When we got to Archimonde we wiped relentlessly.  It was not a gear thing or a DPS thing, it was a consumables thing.  On our mains everyone has so much MP5 and spirit that we didn’t need pots for almost anything.  On our alts however regen was so poor that it was necessary.  The next time we tried this again (as in us having enough time from our two main 25 runs to actually do this) everyone’s alts were far better geared.  The boss died pretty easily.

Consider this for a second, you were recruited to your guild to fulfill a specific need that they had.  Do you think that 10 random alts are going to be optimized to fulfill the same type of raiding requirements?  Probably not.  Honestly you will be lucky to find two alt tanks and three alt healers, not to mention five alt DPS who aren’t all hunters or all rogues.

4. Don’t Change Loot Rules for Alts

A lot of times people want to bring casual level mains into alt raids and suddenly the loot rules are changing.  It’s /roll they might say, unless it’s your main then they are given loot.  Unless this is one of your main raiders who shows up weekly don’t make any special stipulations.  People bring their mains  to raid because they want to kill bosses and they want to progress.  People bring their alts to raids because they want to gear up their alts.  If you start denying alts gear then suddenly you will have less people willing to go on alt runs.  It’s nice to think that people will just do content for Valor Points but realistically they will want more out of it.

Another important note is that gearing alts over mains won’t necessarily hurt you.  People who are in alt runs on their mains probably either weren’t good enough for the mains run or cannot make regular raid times so depriving them of gear won’t be such a big deal.  An alt can quickly become a main if the need arises.  My first switch came in the Burning Crusade when I was playing a warrior main tank and moved to a demosac destro lock.  Our guild was running three Karazhan groups a week, one Gruul’s Lair, one Magtheridon’s Lair, one Serpentshrine Cavern a week, and one Tempest Keep a week.  If you are aware at all of how this progression model worked out you needed 0-2 tanks for all of the encounters in Karazhan, 2-3 tanks for Gruul’s Lair, 4 tanks for Magtheridon’s Lair, Serpentphrine Cavern requires 2-4 tanks,  2-4 tanks for Tempest Keep.  So with such varying tanking needs it happened that tanks were constantly taking turns sitting out.  With three Karazhan groups we had six tanks.  This meant that during progression pushes tanks would be sitting out more often than not.

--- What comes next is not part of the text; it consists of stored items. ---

(* Let $Z$ be a random variable with the standard Gumbel distribution $\mathcal{G}(0,1)$, and for $n\ge 1$ let $Z_n = \frac{T_n}{n}-\log n$, where $T_n$ is the coupon collector's completion time for $n$ coupons. Then there exists a constant $C>0$ such that for all $n\ge 2$, \[ \operatorname{dist}_{\mathrm{Lip}_{[2]}(\mathbb{R})}\big(\operatorname{law}(Z_n),\operatorname{law}(Z)\big)\le C\,\frac{\log n}{n}. \]
   Context: The standard Gumbel distribution $\mathcal{G}(0,1)$ has density $x\mapsto e^{-(x+e^{-x})}$ and cumulative distribution function $x\mapsto \exp(-\exp(-x))$ on $\mathbb{R}$. Coupon collector: let $(X_k)_{k\ge1}$ be i.i.d. uniform on $I_n=\{1,\dots,n\}$ and $T_n=\inf\{k\ge1:\{X_1,\dots,X_k\}=I_n\}$. $\mathrm{Lip}$ denotes the Lipschitz functions $\mathbb{R}\to\mathbb{R}$ with $\|f\|_{\mathrm{Lip}}=\sup_{t\ne s}|f(t)-f(s)|/|t-s|$; $\mathrm{Lip}_{[2]}(\mathbb{R})$ is the set of $f\in\mathrm{Lip}$ whose derivative $f'$ admits a Lipschitz representative, with semi-norm $\|f\|_{\mathrm{Lip}_{[2]}(\mathbb{R})}=\max(\|f\|_{\mathrm{Lip}},\|f'\|_{\mathrm{Lip}})$ (functions need not be bounded). For probability laws $\nu,\mu$ on $\mathbb{R}$ with finite first moment, $\operatorname{dist}_{\mathrm{Lip}_{[2]}(\mathbb{R})}(\nu,\mu)=\sup\{\int f\,d\nu-\int f\,d\mu : \|f\|_{\mathrm{Lip}_{[2]}(\mathbb{R})}=1\}$. *)

theory Defs
  imports "HOL-Probability.Probability"
begin

definition gumbel_density :: "real \<Rightarrow> real" where
  "gumbel_density x = exp (- (x + exp (- x)))"

definition gumbel_law :: "real measure" where
  "gumbel_law = density lborel (\<lambda>x. ennreal (gumbel_density x))"

text \<open>Coupon collector: X_1, X_2, ... i.i.d. uniform on {1..n}, realised as the
  canonical i.i.d. sequence space (X_k = w !! (k-1)).\<close>
definition coupon_space :: "nat \<Rightarrow> nat stream measure" where
  "coupon_space n = stream_space (measure_pmf (pmf_of_set {1..n}))"

definition coupon_time :: "nat \<Rightarrow> nat stream \<Rightarrow> nat" where
  "coupon_time n w = (LEAST k. k \<ge> 1 \<and> set (stake k w) = {1..n})"

definition Zn_law :: "nat \<Rightarrow> real measure" where
  "Zn_law n = distr (coupon_space n) borel
     (\<lambda>w. real (coupon_time n w) / real n - ln (real n))"

definition lip_seminorm :: "(real \<Rightarrow> real) \<Rightarrow> real" where
  "lip_seminorm f = Sup {\<bar>f t - f s\<bar> / \<bar>t - s\<bar> | t s. t \<noteq> s}"
lemma sum_list_mem_of_distinct_indices:
  fixes V :: "nat \<Rightarrow> 'a::monoid_add set"
  assumes zero: "\<And>k. 0 \<in> V k"
    and sum3: "\<And>k a b c. a \<in> V (Suc k) \<Longrightarrow> b \<in> V (Suc k) \<Longrightarrow> c \<in> V (Suc k) \<Longrightarrow> a + b + c \<in> V k"
    and "distinct (map fst ps)" "\<forall>p\<in>set ps. n < fst p \<and> snd p \<in> V (fst p)"
  shows "sum_list (map snd ps) \<in> V n"
  using assms(3,4)
proof (induction "length ps" arbitrary: ps n rule: less_induct)
  case less
  have antimono: "V k \<subseteq> V n" if "n \<le> k" for k n
  proof (rule lift_Suc_antimono_le[of V, OF _ that])
    show "V (Suc k) \<subseteq> V k" for k
      using sum3[of _ k 0 0] zero by auto
  qed
  show ?case
  proof (cases "ps = []")
    case False
    define m where "m = Min (fst ` set ps)"
    then have "m \<in> fst ` set ps" using False by simp
    then obtain v p1 p2 where ps: "ps = p1 @ (m, v) # p2"
      by (metis imageE prod.collapse split_list)
    have m_le: "m \<le> fst p" if "p \<in> set ps" for p
      unfolding m_def using that by simp
    have m_notin: "m \<notin> fst ` set p1 \<union> fst ` set p2"
      using less.prems(1) ps by auto
    have "n < m" "v \<in> V m"
      using less.prems(2) ps by auto
    then obtain k where k: "m = Suc k" "n \<le> k"
      by (cases m) auto
    have sums: "sum_list (map snd p) \<in> V m" if "p = p1 \<or> p = p2" for p
    proof (rule less.hyps)
      show "length p < length ps" "distinct (map fst p)"
        using that ps less.prems(1) by auto
      show "\<forall>q\<in>set p. m < fst q \<and> snd q \<in> V (fst q)"
      proof
        fix q assume "q \<in> set p"
        then have "q \<in> set ps" "fst q \<noteq> m"
          using that ps m_notin by auto
        then show "m < fst q \<and> snd q \<in> V (fst q)"
          using m_le less.prems(2) by (auto simp: order.strict_iff_order)
      qed
    qed
    have "sum_list (map snd p1) \<in> V (Suc k)" "v \<in> V (Suc k)" "sum_list (map snd p2) \<in> V (Suc k)"
      using sums \<open>v \<in> V m\<close> k(1) by auto
    then have "sum_list (map snd p1) + v + sum_list (map snd p2) \<in> V k"
      by (rule sum3)
    then show ?thesis
      using ps antimono[OF \<open>n \<le> k\<close>] by (auto simp: add.assoc)
  qed (simp add: zero)
qed
(* Let $\Gamma$ be a topological group, $A$ a regular CW-complex, and $\mathcal I$ a cellular $(\Gamma,A)$-groupoid. Then for any topological group $G$: (a) the restriction maps $\mathrm{res}_0\colon\mathrm{Rep}^G_{\mathrm{cell}}(\mathcal I)\to\mathrm{Rep}^G_{\mathrm{cell}}(\mathcal I^{(0)})$ and $\mathrm{res}_0\colon\overline{\mathrm{Rep}}^{\,G}_{\mathrm{cell}}(\mathcal I)\to\overline{\mathrm{Rep}}^{\,G}_{\mathrm{cell}}(\mathcal I^{(0)})$ are injective; (b) the restriction maps $\mathrm{res}_1\colon\mathrm{Rep}^G_{\mathrm{cell}}(\mathcal I)\to\mathrm{Rep}^G_{\mathrm{cell}}(\mathcal I^{(1)})$ and $\mathrm{res}_1\colon\overline{\mathrm{Rep}}^{\,G}_{\mathrm{cell}}(\mathcal I)\to\overline{\mathrm{Rep}}^{\,G}_{\mathrm{cell}}(\mathcal I^{(1)})$ are bijective.
   Context: A CW-complex $A$ is regular if each cell $e$ has a characteristic map $\sigma_e\colon\mathbb D^{d(e)}\to A$ which is an embedding sending $\mathbb S^{d(e)-1}$ onto a subcomplex. For $a\in A$, $e(a)$ is the cell whose open cell contains $a$; $f\le e$ means $f$ is a face of $e$. A $(\Gamma,A)$-groupoid is a subspace $\mathcal I\subset\Gamma\times A$ with $\mathcal I\cap(\Gamma\times\{a\})=\tilde{\mathcal I}_a\times\{a\}$, $\tilde{\mathcal I}_a$ a closed subgroup (identified with $\mathcal I_a$). It is cellular if $\mathcal I_a=\mathcal I_b$ whenever $e(a)=e(b)$ (write $\mathcal I(e)$) and it is locally maximal (for each $a$ and neighbourhood $B$ of $a$ there is an open $U$, $a\in U\subset B$, and a homotopy $\rho_t\colon U\to U$ with $\rho_0=\mathrm{id}$, $\rho_1\equiv a$, $\mathcal I_u\subset\mathcal I_{\rho_t(u)}$); then $\mathcal I(e)\subset\mathcal I(f)$ for $f\le e$. $\mathcal I^{(k)}$ denotes the restriction of $\mathcal I$ over the $k$-skeleton $A^{(k)}$ (a cellular groupoid over $A^{(k)}$). A cellular representation of $\mathcal I$ in $G$ is a continuous map $\beta\colon\mathcal I\to G$, restricting to homomorphisms on each $\mathcal I_a$, with $\beta_a=\beta_b$ whenever $e(a)=e(b)$; equivalently a family $\beta_e\in\mathrm{Hom}(\mathcal I(e),G)$ with $\beta_e=\beta_f|_{\mathcal I(e)}$ for $f\le e$. Two are conjugate if $\beta'=g^{-1}\beta g$ for a single $g\in G$. $\mathrm{Rep}^G_{\mathrm{cell}}(\mathcal I)$ is the set of conjugacy classes of cellular representations. With $\overline{\mathrm{Hom}}(K,G)$ the set of $G$-conjugacy classes of continuous homomorphisms $K\to G$, $\overline{\mathrm{Rep}}^{\,G}_{\mathrm{cell}}(\mathcal I)$ is the set of families $(b_e)_e$ with $b_e\in\overline{\mathrm{Hom}}(\mathcal I(e),G)$ and $b_e=b_f|_{\mathcal I(e)}$ whenever $f\le e$. The same definitions apply to $\mathcal I^{(k)}$ over $A^{(k)}$, and $\mathrm{res}_k$ denotes restriction to cells of $A^{(k)}$. *)

theory Defs
  imports "HOL-Analysis.Analysis" "HOL-Algebra.Group"
begin

definition topological_group :: "'g monoid \<Rightarrow> 'g topology \<Rightarrow> bool" where
  "topological_group \<Gamma> T \<longleftrightarrow>
     group \<Gamma> \<and> topspace T = carrier \<Gamma> \<and>
     continuous_map (prod_topology T T) T (\<lambda>(x, y). x \<otimes>\<^bsub>\<Gamma>\<^esub> y) \<and>
     continuous_map T T (\<lambda>x. inv\<^bsub>\<Gamma>\<^esub> x)"

text \<open>The closed disc D^d and its boundary sphere S^(d-1), inside R^d realised as
  the functions nat => real vanishing from index d on (library Euclidean_space d).\<close>
definition disc_set :: "nat \<Rightarrow> (nat \<Rightarrow> real) set" where
  "disc_set d = {x \<in> topspace (Euclidean_space d). (\<Sum>i<d. (x i)\<^sup>2) \<le> 1}"

definition sphere_set :: "nat \<Rightarrow> (nat \<Rightarrow> real) set" where
  "sphere_set d = {x \<in> topspace (Euclidean_space d). (\<Sum>i<d. (x i)\<^sup>2) = 1}"

definition disc_top :: "nat \<Rightarrow> (nat \<Rightarrow> real) topology" where
  "disc_top d = subtopology (Euclidean_space d) (disc_set d)"

text \<open>X is the space A, C the set of (open) cells, dm e = d(e), and \<sigma> e the
  characteristic map of the cell e.\<close>
definition regular_CW ::
  "'a topology \<Rightarrow> 'a set set \<Rightarrow> ('a set \<Rightarrow> nat) \<Rightarrow> ('a set \<Rightarrow> (nat \<Rightarrow> real) \<Rightarrow> 'a) \<Rightarrow> bool" where
  "regular_CW X C dm \<sigma> \<longleftrightarrow>
     Hausdorff_space X \<and>
     \<comment> \<open>the open cells partition the space\<close>
     (\<forall>e\<in>C. e \<noteq> {}) \<and> (\<forall>e\<in>C. \<forall>f\<in>C. e \<noteq> f \<longrightarrow> e \<inter> f = {}) \<and> \<Union>C = topspace X \<and>
     \<comment> \<open>characteristic maps are embeddings, mapping the open disc onto the cell\<close>
     (\<forall>e\<in>C. embedding_map (disc_top (dm e)) X (\<sigma> e)) \<and>
     (\<forall>e\<in>C. \<sigma> e ` (disc_set (dm e) - sphere_set (dm e)) = e) \<and>
     \<comment> \<open>the boundary sphere is mapped onto a (finite) subcomplex of lower-dimensional cells\<close>
     (\<forall>e\<in>C. \<exists>F. F \<subseteq> C \<and> finite F \<and> (\<forall>f\<in>F. dm f < dm e) \<and>
                 \<sigma> e ` sphere_set (dm e) = \<Union>F) \<and>
     \<comment> \<open>weak topology\<close>
     (\<forall>S. S \<subseteq> topspace X \<longrightarrow>
          (closedin X S \<longleftrightarrow> (\<forall>e\<in>C. closedin X (S \<inter> \<sigma> e ` disc_set (dm e)))))"

definition is_face :: "'a topology \<Rightarrow> 'a set \<Rightarrow> 'a set \<Rightarrow> bool" where
  "is_face X f e \<longleftrightarrow> f \<subseteq> X closure_of e"

definition skel_cells :: "'a set set \<Rightarrow> ('a set \<Rightarrow> nat) \<Rightarrow> nat \<Rightarrow> 'a set set" where
  "skel_cells C dm k = {e \<in> C. dm e \<le> k}"

definition fiber :: "('g \<times> 'a) set \<Rightarrow> 'a \<Rightarrow> 'g set" where
  "fiber I a = {\<gamma>. (\<gamma>, a) \<in> I}"

text \<open>The subgroup I(e) attached to a cell e (the common isotropy group of its points).\<close>
definition cell_grp :: "('g \<times> 'a) set \<Rightarrow> 'a set \<Rightarrow> 'g set" where
  "cell_grp I e = fiber I (SOME a. a \<in> e)"

definition groupoid ::
  "'g monoid \<Rightarrow> 'g topology \<Rightarrow> 'a topology \<Rightarrow> ('g \<times> 'a) set \<Rightarrow> bool" where
  "groupoid \<Gamma> T X I \<longleftrightarrow>
     I \<subseteq> carrier \<Gamma> \<times> topspace X \<and>
     (\<forall>a\<in>topspace X. subgroup (fiber I a) \<Gamma> \<and> closedin T (fiber I a))"
lemma powr_pair_gap_inner:
  fixes \<alpha> S c w w' D :: real
  assumes "1 < \<alpha>" "\<alpha> < 2" "1 \<le> S" "0 < c" "c * S \<le> w" "w \<le> w'" "w' \<le> S"
    and "powr_pair \<alpha> S w' - powr_pair \<alpha> S w \<le> D"
  shows "w' - w \<le> 2 * D / (\<alpha> * (\<alpha> - 1) * c)"
proof -
  define \<kappa> where "\<kappa> = \<alpha> * (\<alpha> - 1) * S powr (\<alpha> - 2) / 4"
  have "0 \<le> \<kappa>" "0 \<le> w" using assms unfolding \<kappa>_def by (auto intro: order_trans[OF _ assms(5)])
  have "\<alpha> * (\<alpha> - 1) * c / 2 * (w' - w) \<le> \<alpha> * (\<alpha> - 1) * c / 2 * S powr (\<alpha> - 1) * (w' - w)"
    using assms ge_one_powr_ge_zero[of S "\<alpha> - 1"] by (intro mult_right_mono) auto
  also have "\<dots> = \<kappa> * (w' - w) * (2 * c * S)"
    using assms powr_add[of S "\<alpha> - 2" 1] unfolding \<kappa>_def by (simp add: field_simps)
  also have "\<dots> \<le> \<kappa> * (w' - w) * (w' + w)"
    using assms \<open>0 \<le> \<kappa>\<close> by (intro mult_left_mono) auto
  also have "\<dots> = \<kappa> * (w'\<^sup>2 - w\<^sup>2)" by (simp add: power2_eq_square algebra_simps)
  also have "\<dots> \<le> D"
    using powr_pair_increment_inner[OF assms(1,2) _ \<open>0 \<le> w\<close> assms(6,7)] assms(3,8)
    unfolding \<kappa>_def by simp
  finally show ?thesis using assms by (simp add: pos_le_divide_eq mult.commute)
qed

So what I ended up doing was switching to my warlock when we went down to two karazhan groups and picking up loot on it.  One tier later I’m one of the top DPSing warlocks in the world.  Next tier I’m back to tanking.  Alts can easily become mains when you are in tight progression spots and need people who know the fight.  On my holy paladin alt I have healed Heroic Maloriak, Heroic Atramedes, and Heroic Chimaeron because healers weren’t available for our 6-day raid schedule.

5. And Finally Don’t Give up On It

Look your first guild run wasn’t a blooming success.  As a raid leader in an alt run you have to emphasize that these are undergeared alts and that things will get better over time.  You can’t expect to kill Nef on an alt in greens.  It takes time to slowly altgres your way to the top.  Remember the main reason for an alt run is to gear your alts, not progression.  Who cares if your alt can’t kill Cho’gall?  A successful alt run is one in which bosses die and people get loot.  You don’t need to get the same stuff as you do on your mains, nor should you expect to.  In the end the success of an alt run will be decided based on it’s continuation throughout the upcoming weeks.